Leslie King

Personal information
- Full name: Leslie Catherine King
- Date of birth: 13 November 1963 (age 62)
- Place of birth: United States
- Position: Goalkeeper

International career
- Years: Team / Apps / (Gls)
- 1987–1994: New Zealand / 28 / (0)

= Leslie King (footballer) =

American-born New Zealand footballer

Leslie Catherine King (Leslie Moore) (born 13 November 1963) is a former association football player who represented the New Zealand women's national football team.

King made her Football Ferns debut in a 3–0 win over Hawaii on 12 December 1987 and ended her international career with 28 caps to her credit. At the time of the 1991 OFC Women's Championship, the New Zealanders reckoned King to be the best active female goalkeeper in the world.

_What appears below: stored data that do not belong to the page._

lemma sample_mean_tail_bound:
  fixes C0 C1 C2 \<beta> \<gamma> \<delta> y K :: real and n :: nat
    and M :: "'a measure" and X :: "nat \<Rightarrow> 'a \<Rightarrow> real"
  assumes "C0 \<ge> 0" "C1 \<ge> 0" "C2 > 0" "0 \<le> \<beta>" "\<beta> < 1"
    and "0 < \<gamma>" "0 < \<delta>" "\<delta> < 1" "\<gamma> * \<delta> < 1"
    and "prob_space M" and "\<And>i. X i \<in> borel_measurable M"
    and tail: "\<And>i x. i \<ge> 1 \<Longrightarrow> x > 0 \<Longrightarrow>
      measure M {\<omega> \<in> space M. X i \<omega> \<ge> C0 * real i powr (-\<beta>) + x}
        \<le> C1 * exp (- C2 * real i * x powr \<gamma>)"
    and "n \<ge> 1" "y \<ge> 1"
    and K: "(\<Sum>i=1..n. exp (- C2 * (2 powr \<gamma> - 1) * real i powr (1 - \<gamma> * \<delta>))) \<le> K"
  defines "\<alpha> \<equiv> \<gamma> * (1 - \<delta>) / (\<gamma> * (1 - \<delta>) + (1 - \<gamma> * \<delta>))"
  shows "measure M {\<omega> \<in> space M.
           sample_mean X n \<omega> \<ge> C0 / (1 - \<beta>) * real n powr (-\<beta>)
                               + 3 / (1 - \<delta>) * real n powr (-\<delta>) * y}
    \<le> C1 * (1 + K) * real n powr \<alpha> * exp (- C2 * real n powr (\<alpha> * (1 - \<gamma> * \<delta>)) * y powr \<gamma>)"
proof -
  define p q where "p = 1 - \<gamma> * \<delta>" and "q = 1 - \<delta>"
  define m where "m = nat \<lfloor>real n powr \<alpha>\<rfloor>"
  define s where "s = real n powr (\<alpha> * p / \<gamma>)"
  define x where "x i = (if i \<le> m then s else 2) * real i powr (-\<delta>) * y" for i
  have "p > 0" "q > 0" "\<gamma> * q > 0"
    using assms by (simp_all add: p_def q_def)
  then have "\<alpha> > 0" and \<alpha>_eq: "\<alpha> * (\<gamma> * q + p) = \<gamma> * q"
    by (simp_all add: \<alpha>_def p_def[symmetric] q_def[symmetric])
  have "real n powr \<alpha> \<ge> 1"
    using \<open>n \<ge> 1\<close> \<open>\<alpha> > 0\<close> by (simp add: ge_one_powr_ge_zero)
  then have m_le: "real m \<le> real n powr \<alpha>" and m_gt: "real n powr \<alpha> < real m + 1"
    by (simp_all add: m_def)
  have "s \<ge> 1"
    using \<open>n \<ge> 1\<close> \<open>p > 0\<close> \<open>\<alpha> > 0\<close> \<open>0 < \<gamma>\<close> by (simp add: s_def ge_one_powr_ge_zero)
  have "s * real m powr q \<le> real n powr (\<alpha> * p / \<gamma>) * (real n powr \<alpha>) powr q"
    using m_le \<open>q > 0\<close> \<open>s \<ge> 1\<close> by (auto simp: s_def intro!: mult_left_mono powr_mono2)
  also have "\<dots> = real n powr q"
    using \<alpha>_eq \<open>0 < \<gamma>\<close> by (simp add: powr_powr powr_add[symmetric] field_simps)
  finally have "(\<Sum>i=1..n. x i) \<le> 3 * real n powr q * y / q"
    unfolding x_def q_def using sum_split_threshold_le[of \<delta> s y m n] assms \<open>s \<ge> 1\<close> by simp
  then have "(\<Sum>i=1..n. C0 * real i powr (-\<beta>) + x i)
      \<le> C0 * (real n powr (1 - \<beta>) / (1 - \<beta>)) + 3 * real n powr q * y / q"
    unfolding sum.distrib sum_distrib_left[symmetric]
    using sum_powr_neg_le[of \<beta> n] assms by (intro add_mono mult_left_mono) auto
  also have "\<dots> = real n * (C0 / (1 - \<beta>) * real n powr (-\<beta>) + 3 / (1 - \<delta>) * real n powr (-\<delta>) * y)"
    using powr_mult_base[of "real n" "-\<beta>"] powr_mult_base[of "real n" "-\<delta>"]
    by (simp add: q_def field_simps)
  finally have "measure M {\<omega> \<in> space M.
           sample_mean X n \<omega> \<ge> C0 / (1 - \<beta>) * real n powr (-\<beta>)
                               + 3 / (1 - \<delta>) * real n powr (-\<delta>) * y}
      \<le> (\<Sum>i=1..n. measure M {\<omega> \<in> space M. X i \<omega> \<ge> C0 * real i powr (-\<beta>) + x i})"
    using assms by (intro measure_sample_mean_ge_le_sum) (auto simp: prob_space_def)
  also have "\<dots> \<le> C1 * (\<Sum>i=1..n. exp (- C2 * real i * x i powr \<gamma>))"
    unfolding sum_distrib_left using \<open>s \<ge> 1\<close> \<open>y \<ge> 1\<close>
    by (intro sum_mono tail) (auto simp: x_def)
  also have "\<dots> \<le> C1 * ((1 + K) * real n powr \<alpha> * exp (- C2 * real n powr (\<alpha> * p) * y powr \<gamma>))"
    unfolding x_def
  proof (intro mult_left_mono sum_exp_split_threshold_le)
    show "s powr \<gamma> = real n powr (\<alpha> * p)"
      using \<open>0 < \<gamma>\<close> by (simp add: s_def powr_powr)
    show "real n powr (\<alpha> * p) \<le> real i powr (1 - \<gamma> * \<delta>)" if "m < i" for i
      using m_gt that \<open>p > 0\<close> by (simp add: p_def powr_powr[symmetric] powr_mono2)
  qed (use assms m_le \<open>s \<ge> 1\<close> \<open>real n powr \<alpha> \<ge> 1\<close> in auto)
  finally show ?thesis
    by (simp add: p_def mult_ac)
qed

King represented New Zealand at the Women's World Cup finals in China in 1991, playing all three group games.

==Softball==
King played softball at University for the Cal State Fullerton Titans from 1982 to 1985 and represented the United States women's national softball team on their tour of China in 1985. She moved to New Zealand to play soccer and also continued her softball career with the New Zealand women's national softball team. She was team captain when she was dropped from the team for the Softball at the 2000 Summer Olympics tournament.